Reference:  
https://huggingface.co/docs/transformers/v4.17.0/en/tasks/sequence_classification  
https://huggingface.co/course/chapter3/3?fw=pt

## Preparing Variables

In [1]:
# Optional
from google.colab import drive
drive.mount('/content/drive')

Mounted at /content/drive


In [2]:
seq_length = 256
pad_approach = "max_length"
bert_huggingface = "indolem/indobertweet-base-uncased" #uncased because we're using lower casing for all text data
num_epoch = 3

files = {
    "train" : "/content/drive/Shareddrives/Riset Sentimen Vaksin COVID: Yaudahlah/Riset/Data/4.1 Train Test Baru/50 Manual/train.csv",
    "test" : "/content/drive/Shareddrives/Riset Sentimen Vaksin COVID: Yaudahlah/Riset/Data/4.1 Train Test Baru/50 Manual/test.csv"
}

save_model_path = "/content/drive/Shareddrives/Riset Sentimen Vaksin COVID: Yaudahlah/Riset/Data/4.1 Train Test Baru/50 Manual/model/IndoBERTweet"

load_model = True
load_path = "/content/drive/Shareddrives/Riset Sentimen Vaksin COVID: Yaudahlah/Riset/Data/4.1 Train Test Baru/50 Manual/model/IndoBERTweet"

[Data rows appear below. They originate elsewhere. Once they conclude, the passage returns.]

(* Consider the Que Sera Consensus (QSC) protocol, as described in the context, running on $n$ nodes atop a full-spread threshold synchronous broadcast primitive $\mathrm{TSB}(t_r,t_b,n)$ with $t_r>0$ and $t_b>0$. If a consensus round starting at time-step $s$ has initial history $h_{s_i}$ on node $i$, then for every earlier consensus round, starting at a time-step $s'<s$, there exists some node $j$ whose initial history $h_{s'_j}$ in that earlier round is a strict prefix of $h_{s_i}$.
   Context: Threshold synchronous broadcast (TSB). A group of $n$ nodes, numbered $1,\dots,n$, operates in integer logical time-steps $0,1,2,\dots$. Nodes may fail only by crashing permanently. In each time-step every non-failed node calls $\mathrm{Broadcast}(m)$ exactly once; the call returns a pair $(R,B)$ of message sets. A primitive provides $\mathrm{TSB}(t_r,t_b,t_s)$ if: (lock-step synchrony) a call to $\mathrm{Broadcast}(m)$ at step $s$ returns at step $s+1$ unless the node fails before reaching step $s+1$; (receive threshold) if node $i$'s call at step $s$ returns $(R,B)$, there is $N_R\subseteq\{1,\dots,n\}$ with $|N_R|\ge t_r$ such that $R$ is exactly the set of messages broadcast by the nodes in $N_R$ during step $s$; (broadcast threshold) there is $N_B\subseteq\{1,\dots,n\}$ with $|N_B|\ge t_b$ such that $B$ is exactly the set of messages broadcast by the nodes in $N_B$ during step $s$; (spread threshold) if some node's call at step $s$ returns $(R,B)$ with $m'\in B$, then there are at least $t_s$ nodes whose receive sets $R$ returned from their step-$s$ calls include $m'$ (a node that fails before completing step $s$ counts if it would have received $m'$ had it not failed). The case $t_s=n$ is called full-spread. Histories and priorities. A proposal is a triple $\langle i,m,r\rangle$ (node, message, numeric priority). A history is a finite list of proposals; $[]$ is the empty history and $\|$ is list concatenation. The priority of a nonempty history is the priority $r$ of its last proposal. A history $h$ is best in a set $H$ if $h\in H$ and no $h'\in H$ has strictly greater priority; $h$ is uniquely best in $H$ if $h\in H$ and no other $h'\ne h$ in $H$ has priority greater than or equal to that of $h$. QSC protocol. It is parameterized by functions ChooseMessage (returns some message, possibly empty), Deliver (passes a history to the application), RandomValue (returns a value drawn using node-private randomness from a fixed nontrivial distribution, the same on every node, with at least two values of nonzero probability), and Broadcast (the TSB primitive). Each node $i$ runs: set $h\leftarrow[]$; then forever repeat a consensus round: $m\leftarrow\mathrm{ChooseMessage}()$; $r\leftarrow\mathrm{RandomValue}()$; $h'\leftarrow h\,\|\,[\langle i,m,r\rangle]$; $(R',B')\leftarrow\mathrm{Broadcast}(h')$; $h''\leftarrow$ any best history in $B'$; $(R'',B'')\leftarrow\mathrm{Broadcast}(h'')$; $h\leftarrow$ any best history in $R''$; if $h\in B''$ and $h$ is uniquely best in $R'$, call $\mathrm{Deliver}(h)$. Each round thus occupies two time-steps; the value of $h$ at the start of a round is the node's initial history for that round, and the value of $h$ assigned from $R''$ is its resulting history for that round. *)

theory Defs
  imports Complex_Main "HOL-Library.Sublist"
begin

text \<open>Proposals: (node, message, numeric priority). Histories: lists of proposals.\<close>
type_synonym 'm proposal = "nat \<times> 'm \<times> real"
type_synonym 'm history = "'m proposal list"

definition prio :: "'m history \<Rightarrow> real" where
  "prio h = snd (snd (last h))"

definition best :: "'m history \<Rightarrow> 'm history set \<Rightarrow> bool" where
  "best h H \<longleftrightarrow> h \<in> H \<and> (\<forall>h'\<in>H. \<not> prio h' > prio h)"

definition uniquely_best :: "'m history \<Rightarrow> 'm history set \<Rightarrow> bool" where
  "uniquely_best h H \<longleftrightarrow> h \<in> H \<and> (\<forall>h'\<in>H. h' \<noteq> h \<longrightarrow> \<not> prio h' \<ge> prio h)"

definition msgs_of :: "(nat \<Rightarrow> nat \<Rightarrow> 'a option) \<Rightarrow> nat \<Rightarrow> nat set \<Rightarrow> 'a set" where
  "msgs_of msg s N = {m. \<exists>j\<in>N. msg s j = Some m}"

text \<open>An execution of a broadcast primitive over n nodes providing TSB(tr,tb,ts).
  alive s i: node i has not failed before (i.e. has reached) step s.
  msg s i: message broadcast by node i at step s (None if it did not call Broadcast).
  ret s i: Some (R,B) iff node i's step-s call returned (at step s+1).
  Rv s j: the receive set node j's step-s call returns, or would have returned had
  j not failed (used for the spread threshold).\<close>
definition TSB ::
  "nat \<Rightarrow> nat \<Rightarrow> nat \<Rightarrow> nat \<Rightarrow> (nat \<Rightarrow> nat \<Rightarrow> bool) \<Rightarrow> (nat \<Rightarrow> nat \<Rightarrow> 'a option)
   \<Rightarrow> (nat \<Rightarrow> nat \<Rightarrow> ('a set \<times> 'a set) option) \<Rightarrow> (nat \<Rightarrow> nat \<Rightarrow> 'a set) \<Rightarrow> bool" where
  "TSB n tr tb ts alive msg ret Rv \<longleftrightarrow>
     \<comment> \<open>nodes are 1..n; crashes are permanent\<close>
     (\<forall>s i. alive s i \<longrightarrow> i \<in> {1..n}) \<and>
     (\<forall>s i. alive (Suc s) i \<longrightarrow> alive s i) \<and>
     \<comment> \<open>every non-failed node calls Broadcast exactly once per step\<close>
     (\<forall>s i. msg s i \<noteq> None \<longleftrightarrow> alive s i) \<and>
     \<comment> \<open>lock-step synchrony\<close>
     (\<forall>s i. ret s i \<noteq> None \<longleftrightarrow> (msg s i \<noteq> None \<and> alive (Suc s) i)) \<and>
     \<comment> \<open>receive threshold\<close>
     (\<forall>s i R B. ret s i = Some (R, B) \<longrightarrow> R = Rv s i \<and>
        (\<exists>N \<subseteq> {1..n}. card N \<ge> tr \<and> (\<forall>j\<in>N. msg s j \<noteq> None) \<and> R = msgs_of msg s N)) \<and>
     \<comment> \<open>broadcast threshold\<close>
     (\<forall>s i R B. ret s i = Some (R, B) \<longrightarrow>
        (\<exists>N \<subseteq> {1..n}. card N \<ge> tb \<and> (\<forall>j\<in>N. msg s j \<noteq> None) \<and> B = msgs_of msg s N)) \<and>
     \<comment> \<open>spread threshold\<close>
     (\<forall>s i R B m. ret s i = Some (R, B) \<longrightarrow> m \<in> B \<longrightarrow>
        card {j \<in> {1..n}. m \<in> Rv s j} \<ge> ts)"

text \<open>Consensus round k occupies steps 2k and 2k+1;
  H k i is node i's initial history for round k (meaningful when alive (2k) i).
  The message and priority of each proposal are arbitrary (any ChooseMessage / RandomValue
  outcome); Deliver has no effect on the state and is omitted.\<close>
definition QSC ::
  "(nat \<Rightarrow> nat \<Rightarrow> bool) \<Rightarrow> (nat \<Rightarrow> nat \<Rightarrow> 'm history option)
   \<Rightarrow> (nat \<Rightarrow> nat \<Rightarrow> ('m history set \<times> 'm history set) option)
   \<Rightarrow> (nat \<Rightarrow> nat \<Rightarrow> 'm history) \<Rightarrow> bool" where
  "QSC alive msg ret H \<longleftrightarrow>
     (\<forall>i. H 0 i = []) \<and>
     (\<forall>k i. alive (2*k) i \<longrightarrow> (\<exists>m r. msg (2*k) i = Some (H k i @ [(i, m, r)]))) \<and>
     (\<forall>k i R' B'. ret (2*k) i = Some (R', B') \<longrightarrow> alive (2*k+1) i \<longrightarrow>
        (\<exists>h''. best h'' B' \<and> msg (2*k+1) i = Some h'')) \<and>
     (\<forall>k i R'' B''. ret (2*k+1) i = Some (R'', B'') \<longrightarrow> best (H (Suc k) i) R'')"

end

theory Submission
  imports Defs
begin

text \<open>Follow the resulting history of node i in round k-1 backwards: it is the best history of
  a receive set, hence was broadcast in the second step by some node j; that node broadcast the
  best history of its broadcast set, which was proposed in the first step by some node l, and
  proposals are one-element extensions of the proposer's initial history. So every initial
  history of round k strictly extends an initial history of round k-1, and induction on k
  finishes the argument.\<close>

lemma TSB_msg_iff_alive:
  assumes "TSB n tr tb ts alive msg ret Rv"
  shows "msg s i \<noteq> None \<longleftrightarrow> alive s i"
  using assms unfolding TSB_def by (elim conjE) meson

lemma TSB_returns_if_alive_Suc:
  assumes "TSB n tr tb ts alive msg ret Rv" and "alive (Suc s) i"
  obtains R B where "ret s i = Some (R, B)"
proof -
  have "ret s i \<noteq> None"
    using assms unfolding TSB_def by (elim conjE) meson
  then show thesis
    using that by auto
qed

lemma TSB_returned_was_sent:
  assumes T: "TSB n tr tb ts alive msg ret Rv"
    and "ret s i = Some (R, B)" and "h \<in> R \<union> B"
  obtains j where "alive s j" and "msg s j = Some h"
proof -
  obtain N where "R = msgs_of msg s N"
    using assms(1,2) unfolding TSB_def by (elim conjE) meson
  moreover obtain N' where "B = msgs_of msg s N'"
    using assms(1,2) unfolding TSB_def by (elim conjE) meson
  ultimately obtain j where "msg s j = Some h"
    using assms(3) unfolding msgs_of_def by auto
  then show thesis
    using that TSB_msg_iff_alive[OF T] by blast
qed

lemma QSC_proposal:
  assumes "QSC alive msg ret H" and "alive (2*k) i"
  obtains m r where "msg (2*k) i = Some (H k i @ [(i, m, r)])"
  using assms unfolding QSC_def by (elim conjE) meson

lemma QSC_second_broadcast_in_broadcast_set:
  assumes "QSC alive msg ret H" and "ret (2*k) i = Some (R, B)" and "alive (2*k+1) i"
    and "msg (2*k+1) i = Some h"
  shows "h \<in> B"
proof -
  obtain h' where "best h' B" and "msg (2*k+1) i = Some h'"
    using assms(1-3) unfolding QSC_def by (elim conjE) meson
  then show ?thesis
    using assms(4) unfolding best_def by simp
qed

lemma QSC_next_history_in_receive_set:
  assumes "QSC alive msg ret H" and "ret (2*k+1) i = Some (R, B)"
  shows "H (Suc k) i \<in> R"
proof -
  have "best (H (Suc k) i) R"
    using assms unfolding QSC_def by (elim conjE) meson
  then show ?thesis
    unfolding best_def by simp
qed

lemma QSC_history_extends_previous_round:
  assumes T: "TSB n tr tb ts alive msg ret Rv" and Q: "QSC alive msg ret H"
    and "alive (2 * Suc k) i"
  obtains l where "alive (2*k) l" and "strict_prefix (H k l) (H (Suc k) i)"
proof -
  obtain R'' B'' where ret_i: "ret (2*k+1) i = Some (R'', B'')"
    using TSB_returns_if_alive_Suc[OF T, of "2*k+1" i] assms(3) by auto
  have "H (Suc k) i \<in> R'' \<union> B''"
    using QSC_next_history_in_receive_set[OF Q ret_i] by simp
  then obtain j where j: "alive (2*k+1) j" "msg (2*k+1) j = Some (H (Suc k) i)"
    by (rule TSB_returned_was_sent[OF T ret_i])
  obtain R' B' where ret_j: "ret (2*k) j = Some (R', B')"
    using TSB_returns_if_alive_Suc[OF T, of "2*k" j] j(1) by auto
  have "H (Suc k) i \<in> R' \<union> B'"
    using QSC_second_broadcast_in_broadcast_set[OF Q ret_j j] by simp
  then obtain l where l: "alive (2*k) l" "msg (2*k) l = Some (H (Suc k) i)"
    by (rule TSB_returned_was_sent[OF T ret_j])
  then obtain m r where "H (Suc k) i = H k l @ [(l, m, r)]"
    using QSC_proposal[OF Q l(1)] by auto
  then show thesis
    using that l(1) by (simp add: strict_prefix_def)
qed

theorem lemma2:
  fixes n tr tb :: nat
    and alive :: "nat \<Rightarrow> nat \<Rightarrow> bool"
    and msg :: "nat \<Rightarrow> nat \<Rightarrow> 'm history option"
    and ret :: "nat \<Rightarrow> nat \<Rightarrow> ('m history set \<times> 'm history set) option"
    and Rv :: "nat \<Rightarrow> nat \<Rightarrow> 'm history set"
    and H :: "nat \<Rightarrow> nat \<Rightarrow> 'm history"
  assumes "tr > 0" and "tb > 0"
    and "TSB n tr tb n alive msg ret Rv"
    and "QSC alive msg ret H"
    and "alive (2*k) i"
    and "k' < k"
  shows "\<exists>j. alive (2*k') j \<and> strict_prefix (H k' j) (H k i)"
  using assms(5,6)
proof (induction k arbitrary: i)
  case 0
  then show ?case by simp
next
  case (Suc k)
  obtain l where l: "alive (2*k) l" "strict_prefix (H k l) (H (Suc k) i)"
    using QSC_history_extends_previous_round[OF assms(3,4) Suc.prems(1)] .
  show ?case
  proof (cases "k' = k")
    case True
    then show ?thesis using l by blast
  next
    case False
    then obtain j where "alive (2*k') j" "strict_prefix (H k' j) (H k l)"
      using Suc.IH[OF l(1)] Suc.prems(2) by auto
    then show ?thesis
      using l(2) prefix_order.less_trans by blast
  qed
qed

end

## Install Prerequisite Library

In [3]:
!pip install transformers
!pip install datasets

Looking in indexes: https://pypi.org/simple, https://us-python.pkg.dev/colab-wheels/public/simple/
Collecting transformers
  Downloading transformers-4.20.1-py3-none-any.whl (4.4 MB)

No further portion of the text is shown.